Case study: Hazy synthetic data cuts time for Nationwide to evaluate innovation partners from six months to three days
Nationwide Building Society is pioneering rapid innovation in the financial sector by increasingly collaborating with vendors in the burgeoning fintech ecosystem in order to remain competitive. A major hurdle for Nationwide to get the full value out of this initiative is provisioning representative data to third parties due to strict governance controls around their raw data assets. This process can take six months or more to clear. This stifles the pace of innovation.
Hazy successfully delivered a safe synthetic transaction data generator to Nationwide Building Society that cut the data provisioning process down to three days.
Hazy synthetic data preserves real customer behaviour without exposing any customer information or transactions, making the synthetic data 100 percent safe and fully representative of the real data. This means it can be used as a drop-in replacement for real data in existing workflows, allowing Nationwide to unlock third-party collaborations and increase the pace of innovation.
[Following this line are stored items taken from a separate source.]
lemma order_iso_cancel_factor:
  assumes "finite_connected_poset P rP" "finite_connected_poset A' rA'" "finite_connected_poset B rB"
    and "finite_connected_poset C' rC'" "finite_connected_poset D rD"
    and "order_iso A rA (P \<times> A') (prod_order rP rA')" "order_iso C rC (P \<times> C') (prod_order rP rC')"
    and "order_iso (A \<times> B) (prod_order rA rB) (C \<times> D) (prod_order rC rD)"
  shows "order_iso (A' \<times> B) (prod_order rA' rB) (C' \<times> D) (prod_order rC' rD)"
proof (rule order_iso_cancel[OF assms(1)])
  show "finite_connected_poset (A' \<times> B) (prod_order rA' rB)"
    by (rule finite_connected_poset_prod[OF assms(2,3)])
  show "finite_connected_poset (C' \<times> D) (prod_order rC' rD)"
    by (rule finite_connected_poset_prod[OF assms(4,5)])
  have "order_iso (P \<times> (A' \<times> B)) (prod_order rP (prod_order rA' rB)) (A \<times> B) (prod_order rA rB)"
    using order_iso_trans[OF order_iso_sym[OF order_iso_prod_assoc]
        order_iso_prod[OF order_iso_sym[OF assms(6)] order_iso_refl]] .
  moreover have "order_iso (C \<times> D) (prod_order rC rD) (P \<times> (C' \<times> D)) (prod_order rP (prod_order rC' rD))"
    using order_iso_trans[OF order_iso_prod[OF assms(7) order_iso_refl] order_iso_prod_assoc] .
  ultimately show "order_iso (P \<times> (A' \<times> B)) (prod_order rP (prod_order rA' rB))
      (P \<times> (C' \<times> D)) (prod_order rP (prod_order rC' rD))"
    by (rule order_iso_trans[OF _ order_iso_trans[OF assms(8)]])
qed

lemma family_cancel_factor:
  assumes "finite_connected_poset P rP" "finite_connected_poset A' rA'"
    and "order_iso A rA (P \<times> A') (prod_order rP rA')"
    and "\<forall>j\<in>J. poset_dvd P rP (C j) (rC j)" "\<And>j. j \<in> J \<Longrightarrow> finite_connected_poset (C j) (rC j)"
    and "\<And>k. k \<in> K \<Longrightarrow> finite_connected_poset (D k) (rD k)"
    and "\<And>j k. j \<in> J \<Longrightarrow> k \<in> K \<Longrightarrow> finite_connected_poset (B j k) (rB j k)"
    and "\<And>j k. j \<in> J \<Longrightarrow> k \<in> K \<Longrightarrow>
      order_iso (A \<times> B j k) (prod_order rA (rB j k)) (C j \<times> D k) (prod_order (rC j) (rD k))"
  obtains C' where "\<forall>j\<in>J. finite_connected_poset (C' j) (Restr (rC j) (C' j)) \<and>
      order_iso (C j) (rC j) (P \<times> C' j) (prod_order rP (Restr (rC j) (C' j)))"
    and "\<forall>j\<in>J. \<forall>k\<in>K. order_iso (A' \<times> B j k) (prod_order rA' (rB j k))
      (C' j \<times> D k) (prod_order (Restr (rC j) (C' j)) (rD k))"
proof -
  have po_P: "partial_order_on P rP"
    using assms(1) unfolding finite_connected_poset_def by auto
  from assms(4) have "\<forall>j\<in>J. \<exists>C'. C' \<subseteq> C j \<and> order_iso (C j) (rC j) (P \<times> C') (prod_order rP (Restr (rC j) C'))"
    by (simp add: poset_dvd_def)
  then obtain C' where C': "\<forall>j\<in>J. C' j \<subseteq> C j \<and>
      order_iso (C j) (rC j) (P \<times> C' j) (prod_order rP (Restr (rC j) (C' j)))"
    by (rule bchoice[elim_format]) blast
  have fcp_C': "finite_connected_poset (C' j) (Restr (rC j) (C' j))" if "j \<in> J" for j
  proof (rule finite_connected_poset_factors(2)[OF assms(5)[OF that] _ po_P])
    show "order_iso (C j) (rC j) (P \<times> C' j) (prod_order rP (Restr (rC j) (C' j)))"
      using C' that by blast
    show "partial_order_on (C' j) (Restr (rC j) (C' j))"
      using partial_order_on_Restr C' assms(5)[OF that] that unfolding finite_connected_poset_def by blast
  qed
  have "order_iso (A' \<times> B j k) (prod_order rA' (rB j k)) (C' j \<times> D k) (prod_order (Restr (rC j) (C' j)) (rD k))"
    if "j \<in> J" "k \<in> K" for j k
    using order_iso_cancel_factor[OF assms(1,2) assms(7)[OF that] fcp_C'[OF that(1)] assms(6)[OF that(2)]
        assms(3) _ assms(8)[OF that]] C' that by blast
  with C' fcp_C' show thesis
    using that by blast
qed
The banking industry is rapidly changing and the need to innovate has never been more critical to remain competitive. Transformation is being driven by factors such as new entrants, ease of switching, and digital banking services. In addition, technological developments in other sectors are increasing expectations from customers about how they manage their money. However, the way banks and building societies are innovating is also changing: in-house innovation teams are increasingly working with third parties to innovate faster by capitalising on their specialised expertise and applications. This approach offers huge potential for banks and building societies to tap into additional capability faster and more cost-effectively but faces a significant challenge: the ability to share data.
Sharing data for analysis is an operational requirement for financial institutions, enabling them to gain insights that directly support business imperatives including innovation, fraud detection and credit risk. Such insights enable in-house teams and third parties to build, shape and deliver propositions derived from understanding customer behaviours based on their transactions.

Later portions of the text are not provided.